Le nouveau "Code de déontologie des membres du gouvernement" entrera en vigueur le 1er mai. Parallèlement, le Grand-Duché se dote pour la première fois d'un "Code de déontologie pour les conseillers adjoints au gouvernement", largement inspiré par celui des ministres. Ces deux codes ont été adoptés pour répondre aux recommandations du Greco, le Groupe d'Etats contre la corruption, l'organe anti-corruption du Conseil de l'Europe, qui avait noté que ces personnes, de par leurs fonctions, influenceraient grandement la politique des ministres pour lesquels elles travaillaient.
Le premier article de l'arrêté grand-ducal énonce les principes généraux sur lesquels se base le code de déontologie, la collégialité et le respect mutuel.
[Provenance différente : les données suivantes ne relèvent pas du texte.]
lemma encoder_image_outside_cube:
  assumes "dx \<ge> 1" "0 < \<delta>" "\<delta> * 2 ^ K \<le> 1"
  shows "(\<lambda>x. net_eval (encoder_dims dx K \<delta>) (encoder_layers dx K \<delta>) x 0)
      ` (PiE {..<dx} (\<lambda>_. UNIV) - PiE {..<dx} (\<lambda>_. {0..1})) = {1 - (1 / 2) ^ (dx * K)}"
proof -
  let ?f = "\<lambda>x. net_eval (encoder_dims dx K \<delta>) (encoder_layers dx K \<delta>) x 0"
  let ?O = "PiE {..<dx} (\<lambda>_. UNIV) - PiE {..<dx} (\<lambda>_. {0..1::real})"
  have "0 < dx"
    using assms(1) by simp
  then have witness: "restrict (\<lambda>_. 2) {..<dx} \<in> ?O"
    by (auto simp: PiE_iff)
  have "?f x = 1 - (1 / 2) ^ (dx * K)" if "x \<in> ?O" for x
  proof -
    have "\<not> (\<forall>i\<in>{..<dx}. x i \<in> {0..1})"
      using that by (auto simp: PiE_iff)
    then obtain i where "i < dx" "x i \<notin> {0..1}"
      by blast
    then have "i < dx" "x i < 0 \<or> x i > 1"
      by auto
    then show ?thesis
      by (rule encoder_outside_cube[OF assms])
  qed
  then show ?thesis
    using witness by (auto intro!: rev_image_eqI[OF witness])
qed

definition grid_slab :: "nat \<Rightarrow> nat \<Rightarrow> real \<Rightarrow> nat \<Rightarrow> nat \<Rightarrow> (nat \<Rightarrow> real) set" where
  "grid_slab dx K \<delta> j h =
    PiE {..<dx} (\<lambda>i. if i = j then {real h / 2 ^ K - \<delta> .. real h / 2 ^ K + \<delta>} else {0..1})"

definition near_grid :: "nat \<Rightarrow> nat \<Rightarrow> real \<Rightarrow> (nat \<Rightarrow> real) set" where
  "near_grid dx K \<delta> = PiE {..<dx} (\<lambda>_. {0..1}) \<inter> (\<Union>j<dx. \<Union>h\<le>2 ^ K. grid_slab dx K \<delta> j h)"

lemma grid_slab_sets: "grid_slab dx K \<delta> j h \<in> sets (PiM {..<dx} (\<lambda>_. lborel))"
  unfolding grid_slab_def by (rule sets_PiM_I_finite) auto

lemma near_grid_sets: "near_grid dx K \<delta> \<in> sets (PiM {..<dx} (\<lambda>_. lborel))"
  unfolding near_grid_def using grid_slab_sets
  by (intro sets.Int sets_PiM_I_finite sets.finite_UN) auto

lemma emeasure_grid_slab:
  assumes "0 < \<delta>" "j < dx"
  shows "emeasure (PiM {..<dx} (\<lambda>_. lborel)) (grid_slab dx K \<delta> j h) = ennreal (2 * \<delta>)"
proof -
  interpret product_sigma_finite "\<lambda>_::nat. lborel :: real measure"
    by standard
  have "emeasure (PiM {..<dx} (\<lambda>_. lborel)) (grid_slab dx K \<delta> j h)
      = (\<Prod>i<dx. emeasure lborel
          (if i = j then {real h / 2 ^ K - \<delta> .. real h / 2 ^ K + \<delta>} else {0..1::real}))"
    unfolding grid_slab_def by (rule emeasure_PiM) auto
  also have "\<dots> = (\<Prod>i<dx. if i = j then ennreal (2 * \<delta>) else 1)"
    using assms(1) by (intro prod.cong) auto
  finally show ?thesis
    using assms(2) by (simp add: prod.delta)
qed

lemma emeasure_near_grid_le:
  assumes "0 < \<delta>"
  shows "emeasure (PiM {..<dx} (\<lambda>_. lborel)) (near_grid dx K \<delta>)
    \<le> ennreal (real dx * (2 ^ K + 1) * (2 * \<delta>))"
proof -
  let ?\<mu> = "emeasure (PiM {..<dx} (\<lambda>_. lborel))"
  have "?\<mu> (near_grid dx K \<delta>) \<le> ?\<mu> (\<Union>j<dx. \<Union>h\<le>2 ^ K. grid_slab dx K \<delta> j h)"
    unfolding near_grid_def using grid_slab_sets by (intro emeasure_mono sets.finite_UN) auto
  also have "\<dots> \<le> (\<Sum>j<dx. \<Sum>h\<le>2 ^ K. ?\<mu> (grid_slab dx K \<delta> j h))"
    using grid_slab_sets
    by (intro order_trans[OF emeasure_subadditive_finite] sum_mono emeasure_subadditive_finite)
      (auto intro!: sets.finite_UN)
  also have "\<dots> = ennreal (real dx * (2 ^ K + 1) * (2 * \<delta>))"
    using assms
    by (simp add: emeasure_grid_slab ennreal_mult ennreal_of_nat_eq_real_of_nat mult.assoc add.commute)
  finally show ?thesis .
qed

lemma off_grid_outside_near_grid:
  assumes "x \<in> PiE {..<dx} (\<lambda>_. {0..1}) - near_grid dx K \<delta>" "i < dx"
  shows "off_grid \<delta> K (x i)"
proof -
  have cube: "x \<in> PiE {..<dx} (\<lambda>_. {0..1})" and outside: "x \<notin> near_grid dx K \<delta>"
    using assms(1) by simp_all
  have "\<delta> < \<bar>x i - real h / 2 ^ K\<bar>" if "h \<le> 2 ^ K" for h
  proof (rule ccontr)
    assume "\<not> \<delta> < \<bar>x i - real h / 2 ^ K\<bar>"
    then have "x i \<in> {real h / 2 ^ K - \<delta> .. real h / 2 ^ K + \<delta>}"
      by (auto simp: not_less abs_le_iff)
    then have "x \<in> grid_slab dx K \<delta> i h"
      using cube unfolding grid_slab_def PiE_iff by simp
    then have "x \<in> near_grid dx K \<delta>"
      unfolding near_grid_def using cube assms(2) that by blast
    then show False
      using outside by simp
  qed
  moreover have "0 \<le> x i" "x i \<le> 1"
    using cube assms(2) by (simp_all add: PiE_iff)
  ultimately show ?thesis
    unfolding off_grid_def by simp
qed

lemma small_grid_tolerance:
  assumes "N > 0" "\<gamma> > 0"
  obtains \<delta> :: real where "0 < \<delta>" "\<delta> * 2 ^ K \<le> 1" "N * (2 * \<delta>) < \<gamma>"
proof
  let ?\<delta> = "min (1 / 2 ^ K) (\<gamma> / (4 * N))"
  show "0 < ?\<delta>" "?\<delta> * 2 ^ K \<le> 1"
    using assms by (auto simp: min_def field_simps)
  have "?\<delta> * (4 * N) \<le> \<gamma>"
    using assms(1) by (simp add: pos_le_divide_eq[symmetric])
  then show "N * (2 * ?\<delta>) < \<gamma>"
    using assms(2) by (simp add: algebra_simps)
qed

theorem lemma7:
  fixes dx K :: nat and \<gamma> :: real
  assumes "dx \<ge> 1" and "\<gamma> > 0"
  shows "\<exists>ds ls D.
    relu_net dx 1 ds ls \<and> net_width ds = dx + 1 \<and>
    D \<in> sets (PiM {..<dx} (\<lambda>_. lborel)) \<and>
    D \<subseteq> PiE {..<dx} (\<lambda>_. {0..1}) \<and>
    (\<forall>x \<in> PiE {..<dx} (\<lambda>_. {0..1}) - D. net_eval ds ls x 0 = encode K dx x) \<and>
    emeasure (PiM {..<dx} (\<lambda>_. lborel)) D < ennreal \<gamma> \<and>
    (\<lambda>x. net_eval ds ls x 0) ` D \<subseteq> {0..1} \<and>
    (\<lambda>x. net_eval ds ls x 0) ` (PiE {..<dx} (\<lambda>_. UNIV) - PiE {..<dx} (\<lambda>_. {0..1}))
      = {1 - (1/2) ^ (dx * K)}"
proof -
  have "real dx * (2 ^ K + 1) > 0"
    using assms(1) by (intro mult_pos_pos add_pos_pos) auto
  then obtain \<delta> :: real where \<delta>: "0 < \<delta>" "\<delta> * 2 ^ K \<le> 1"
    and "real dx * (2 ^ K + 1) * (2 * \<delta>) < \<gamma>"
    using small_grid_tolerance assms(2) by blast
  then have small: "emeasure (PiM {..<dx} (\<lambda>_. lborel)) (near_grid dx K \<delta>) < ennreal \<gamma>"
    using emeasure_near_grid_le[OF \<delta>(1), of dx K] by (simp add: ennreal_less_iff order.strict_trans1)
  have agree: "\<forall>x \<in> PiE {..<dx} (\<lambda>_. {0..1}) - near_grid dx K \<delta>.
      net_eval (encoder_dims dx K \<delta>) (encoder_layers dx K \<delta>) x 0 = encode K dx x"
    by (intro ballI encoder_eq_encode[OF assms(1) \<delta>] allI impI off_grid_outside_near_grid)
  have range: "(\<lambda>x. net_eval (encoder_dims dx K \<delta>) (encoder_layers dx K \<delta>) x 0)
      ` near_grid dx K \<delta> \<subseteq> {0..1}"
    by (intro image_subsetI encoder_range[OF assms(1) \<delta>(1)])
  have "near_grid dx K \<delta> \<subseteq> PiE {..<dx} (\<lambda>_. {0..1})"
    unfolding near_grid_def by (rule Int_lower1)
  then show ?thesis
    by (intro exI[of _ "encoder_dims dx K \<delta>"] exI[of _ "encoder_layers dx K \<delta>"]
        exI[of _ "near_grid dx K \<delta>"] conjI relu_net_encoder net_width_encoder near_grid_sets
        small agree range encoder_image_outside_cube[OF assms(1) \<delta>])
qed

end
Il rappelle que les membres du gouvernement sont au service de tous les citoyens et qu'ils sont "tenus d’accomplir leurs fonctions dans un esprit d’intégrité, de désintéressement, de transparence, de diligence, d’honnêteté, de responsabilité et d’impartialité."
Avant leur nomination, les futurs membres du gouvernement doivent déclarer l'ensemble des activités rémunérées qu'ils ont exercées dans les 10 ans précédant leur nomination. Ils ont également une obligation de déclaration des activités professionnelles de leur partenaire, ainsi que toute participation financière individualisée telles que des actions ou des titres et dorénavant aussi de leurs biens immobiliers, s'ils ne sont pas utilisés par un membre de la famille. Les endettements supérieurs à 100.000 euros doivent également être déclarés sauf s'il s'agit de l'hypothèque de l'habitation principale.
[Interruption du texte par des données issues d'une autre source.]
theorem mainTheorem12:
  fixes V :: "'a set" and E :: "'a set set" and u x :: 'a
  assumes "graph V E" and "connected V E" and "u \<in> V" and "x \<notin> V"
  shows "(forces_all_ones V E \<longrightarrow>
            cdim (insert x V) (insert {u, x} E) = cdim V E + 1) \<and>
         (\<not> forces_all_ones V E \<longrightarrow>
            cdim (insert x V) (insert {u, x} E) = cdim V E)"
proof -
  interpret connected_pendant_vertex V E u x
    using assms by unfold_locales
  show ?thesis using cdim_extension_forced cdim_extension_unforced by blast
qed

end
La nouveauté dans le code de déontologie des ministres est que le gouvernement doit désormais tenir un "registre des entrevues" des membres du gouvernement avec des représentants d'intérêts ou des tiers, si ces entretiens ont pour objet "la recherche d’une prise d’influence sur les activités législatives ou réglementaires du gouvernement". Ce registre est public et accessible sur le site internet du gouvernement. Pour chaque entrevue, doivent être mentionnés dans le registre, notamment, les noms du ministre et des personnes présentes, la position défendue par le représentant d'intérêts ainsi que les textes législatifs concernés.
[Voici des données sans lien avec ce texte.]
(* Let $(a_n)_{n\ge0}$ be the sequence defined by \[ \sum_{n=0}^{\infty}a_nz^n=\frac{1+36z+\sqrt{(1-12z)^3}}{2(1+4z)^2} \] (OEIS A220910). Then for every $n\ge0$, \[ a_n=\frac{1-8n}{2}(-4)^n+\binom{2n}{n}\sum_{k=0}^{n}\frac{3^{n+1}(k+1)\prod_{i=0}^{k-1}(n-i)}{8(-3)^k\prod_{i=0}^{k+1}(n-i-1/2)} \] and \[ a_n=\frac{(-4)^n(1-8n)}{16}\left[8-\sum_{k=0}^{n+1}\frac{(-3)^k}{k!}\prod_{i=0}^{k-1}(i-3/2)\right]+\binom{2n}{n}\frac{3^{n+3}}{32(n+1)}. \]
   Context: The square root is the branch analytic near $z=0$ with value $1$ at $z=0$. Empty products equal $1$. *)

theory Defs
  imports "HOL-Analysis.Analysis"
begin

text \<open>Generating function of OEIS A220910. The square root is the principal
branch csqrt, which near z = 0 (where (1-12z)^3 is near 1) is the branch
analytic near 0 with value 1 at 0.\<close>
definition A220910_gf :: "complex \<Rightarrow> complex" where
  "A220910_gf z = (1 + 36 * z + csqrt ((1 - 12 * z) ^ 3)) / (2 * (1 + 4 * z) ^ 2)"

definition A220910 :: "nat \<Rightarrow> complex" where
  "A220910 n = (deriv ^^ n) A220910_gf 0 / of_nat (fact n)"

end

theory Submission
  imports Defs "HOL-Complex_Analysis.Complex_Analysis"
begin

text \<open>Near \<open>0\<close> the square root in the generating function is \<open>(1 - 12 z) powr (3/2)\<close>,
  whose coefficients are \<open>c j * (-4) ^ j\<close> with \<open>c j = (3/2 gchoose j) * 3 ^ j\<close>; multiplying by
  \<open>(1 + 4 z) ^ -2 = \<Sum> (n + 1) (-4 z) ^ n\<close> gives
  \<open>a n = (-4) ^ n / 2 * (1 - 8 n + \<Sum>j\<le>n. (n + 1 - j) * c j)\<close>.
  Both closed forms are rewritings of this weighted sum. From
  \<open>(-4) ^ n * (3/2 gchoose n) = 3 * binom(2n, n) / (4 (n - 1/2) (n - 3/2))\<close> and the ratio
  \<open>c (j + 1) / c j = 3 (3/2 - j) / (j + 1)\<close>, the \<open>k\<close>-th summand of the first formula is
  \<open>(-4) ^ n / 2 * (k + 1) * c (n - k)\<close>. For the second, the same ratio telescopes the weighted
  sum to \<open>(8 n - 1) / 8 * (\<Sum>j\<le>n. c j) + (n + 1) * c (n + 1) / 4\<close>, and \<open>c (n + 1)\<close> is again a
  rational multiple of \<open>binom(2n, n)\<close>.\<close>

lemma gbinomial_Suc_lower:
  fixes a :: "'a :: field_char_0"
  shows "a gchoose Suc k = (a gchoose k) * (a - of_nat k) / of_nat (Suc k)"
proof -
  have "fact (Suc k) * (a gchoose Suc k) = (\<Prod>i = 0..<Suc k. a - of_nat i)"
    by (rule gbinomial_mult_fact)
  also have "\<dots> = (\<Prod>i = 0..<k. a - of_nat i) * (a - of_nat k)"
    by simp
  also have "(\<Prod>i = 0..<k. a - of_nat i) = fact k * (a gchoose k)"
    by (rule gbinomial_mult_fact [symmetric])
  finally have "fact k * (of_nat (Suc k) * (a gchoose Suc k)) = fact k * ((a gchoose k) * (a - of_nat k))"
    by (simp only: fact_Suc of_nat_mult mult_ac)
  then have "of_nat (Suc k) * (a gchoose Suc k) = (a gchoose k) * (a - of_nat k)"
    by simp
  then show ?thesis
    by (simp add: eq_divide_eq mult.commute del: of_nat_Suc)
qed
Il est toujours délicat pour d'ex-membres du gouvernement de vouloir rejoindre le privé après leur passage à la tête d'un ministère, comme on l'a encore vu récemment avec Etienne Schneider et Jeannot Krecké, par exemple. Sur ce point, le Comité d'éthique, qui est chargé du contrôle des règles déontologiques, disposera de plus de moyens. Jusqu'à présent, le ministre concerné devait seulement informer le Premier ministre, qui saisissait le Comité d'éthique. Ce dernier formulait simplement un avis et l'ex-ministre était libre de faire ce qu'il voulait.
Le nouveau code de déontologie prévoit que le Comité d'éthique peut désormais recommander à l'ex-membre du gouvernement concerné de ne pas poursuivre l'activité prévue pendant les deux premières années, s'il y a un conflit d'intérêts. En cas de risque de conflit d'intérêts, le Comité d'éthique formule des recommandations pour encadrer la nouvelle activité pendant deux ans. Si l'ancien ministre ne respecte pas cet avis, le Comité d'éthique peut publier ce dernier en tout ou en partie.